**Exercise requirements**
Nothing in the listing should be dropped or altered when it is copied.

[Start of section]

lemma equivariant_extension_eq:
  assumes y: "y \<in> topspace TX" and h: "h \<in> carrier G" "actX h y \<in> S"
  shows "equivariant_extension G actX actY S f y = actY (inv h) (f (actX h y))"
proof -
  have transport: "actY (inv g) (f (actX g y)) = actY (inv h) (f (actX h y))"
    if g: "g \<in> carrier G" "actX g y \<in> S" for g
  proof -
    have "actX (h \<otimes> inv g) (actX g y) = actX h y"
      using g h y actX_mult actX_inv_act actX_in by simp
    then have "f (actX h y) = actY (h \<otimes> inv g) (f (actX g y))"
      using compatible[of "actX g y" "h \<otimes> inv g"] g h by simp
    also have "\<dots> = actY h (actY (inv g) (f (actX g y)))"
      using actY_mult f_in g h by blast
    finally show ?thesis
      using actY_inv_act actY_in f_in g h by simp
  qed
  have "\<exists>g. g \<in> carrier G \<and> actX g y \<in> S"
    using h by blast
  then show ?thesis
    unfolding equivariant_extension_def Let_def by (rule someI2_ex) (use transport in blast)
qed

lemma equivariant_extension_extends: "s \<in> S \<Longrightarrow> equivariant_extension G actX actY S f s = f s"
  using equivariant_extension_eq[of s \<one>] S_subset f_in actX_one actY_one by (simp add: subsetD)

lemma equivariant_extension_equivariant:
  assumes g: "g \<in> carrier G" and x: "x \<in> orbit_set G actX S"
  shows "equivariant_extension G actX actY S f (actX g x) = actY g (equivariant_extension G actX actY S f x)"
proof -
  obtain h where h: "h \<in> carrier G" "actX h x \<in> S" and xT: "x \<in> topspace TX"
    using x orbit_set_iff by blast
  have "actX (h \<otimes> inv g) (actX g x) = actX h x"
    using actX_mult actX_inv_act actX_in g h xT by simp
  then have "equivariant_extension G actX actY S f (actX g x) = actY (inv (h \<otimes> inv g)) (f (actX h x))"
    using equivariant_extension_eq[of "actX g x" "h \<otimes> inv g"] actX_in g h xT by simp
  also have "\<dots> = actY g (actY (inv h) (f (actX h x)))"
    using g h f_in actY_mult by (simp add: inv_mult_group)
  finally show ?thesis
    using equivariant_extension_eq h xT by simp
qed

lemma equivariant_maps_eq_on_orbit_set:
  assumes "\<And>s. s \<in> S \<Longrightarrow> F s = F' s"
    and "\<And>g x. g \<in> carrier G \<Longrightarrow> x \<in> orbit_set G actX S \<Longrightarrow> F (actX g x) = actY g (F x)"
    and "\<And>g x. g \<in> carrier G \<Longrightarrow> x \<in> orbit_set G actX S \<Longrightarrow> F' (actX g x) = actY g (F' x)"
    and "x \<in> orbit_set G actX S"
  shows "F x = F' x"
proof -
  obtain g s where g: "g \<in> carrier G" and s: "s \<in> S" and x: "x = actX g s"
    using assms(4) unfolding orbit_set_def by blast
  then have "s \<in> orbit_set G actX S"
    using subset_orbit_set by blast
  then show ?thesis
    using assms(1-3) g s x by simp
qed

[End of section]

**Response to the task**
lemma equivariant_extension_eq:
  assumes y: "y \<in> topspace TX" and h: "h \<in> carrier G" "actX h y \<in> S"
  shows "equivariant_extension G actX actY S f y = actY (inv h) (f (actX h y))"
proof -
  have transport: "actY (inv g) (f (actX g y)) = actY (inv h) (f (actX h y))"
    if g: "g \<in> carrier G" "actX g y \<in> S" for g
  proof -
    have "actX (h \<otimes> inv g) (actX g y) = actX h y"
      using g h y actX_mult actX_inv_act actX_in by simp
    then have "f (actX h y) = actY (h \<otimes> inv g) (f (actX g y))"
      using compatible[of "actX g y" "h \<otimes> inv g"] g h by simp
    also have "\<dots> = actY h (actY (inv g) (f (actX g y)))"
      using actY_mult f_in g h by blast
    finally show ?thesis
      using actY_inv_act actY_in f_in g h by simp
  qed
  have "\<exists>g. g \<in> carrier G \<and> actX g y \<in> S"
    using h by blast
  then show ?thesis
    unfolding equivariant_extension_def Let_def by (rule someI2_ex) (use transport in blast)
qed

lemma equivariant_extension_extends: "s \<in> S \<Longrightarrow> equivariant_extension G actX actY S f s = f s"
  using equivariant_extension_eq[of s \<one>] S_subset f_in actX_one actY_one by (simp add: subsetD)

lemma equivariant_extension_equivariant:
  assumes g: "g \<in> carrier G" and x: "x \<in> orbit_set G actX S"
  shows "equivariant_extension G actX actY S f (actX g x) = actY g (equivariant_extension G actX actY S f x)"
proof -
  obtain h where h: "h \<in> carrier G" "actX h x \<in> S" and xT: "x \<in> topspace TX"
    using x orbit_set_iff by blast
  have "actX (h \<otimes> inv g) (actX g x) = actX h x"
    using actX_mult actX_inv_act actX_in g h xT by simp
  then have "equivariant_extension G actX actY S f (actX g x) = actY (inv (h \<otimes> inv g)) (f (actX h x))"
    using equivariant_extension_eq[of "actX g x" "h \<otimes> inv g"] actX_in g h xT by simp
  also have "\<dots> = actY g (actY (inv h) (f (actX h x)))"
    using g h f_in actY_mult by (simp add: inv_mult_group)
  finally show ?thesis
    using equivariant_extension_eq h xT by simp
qed

lemma equivariant_maps_eq_on_orbit_set:
  assumes "\<And>s. s \<in> S \<Longrightarrow> F s = F' s"
    and "\<And>g x. g \<in> carrier G \<Longrightarrow> x \<in> orbit_set G actX S \<Longrightarrow> F (actX g x) = actY g (F x)"
    and "\<And>g x. g \<in> carrier G \<Longrightarrow> x \<in> orbit_set G actX S \<Longrightarrow> F' (actX g x) = actY g (F' x)"
    and "x \<in> orbit_set G actX S"
  shows "F x = F' x"
proof -
  obtain g s where g: "g \<in> carrier G" and s: "s \<in> S" and x: "x = actX g s"
    using assms(4) unfolding orbit_set_def by blast
  then have "s \<in> orbit_set G actX S"
    using subset_orbit_set by blast
  then show ?thesis
    using assms(1-3) g s x by simp
qed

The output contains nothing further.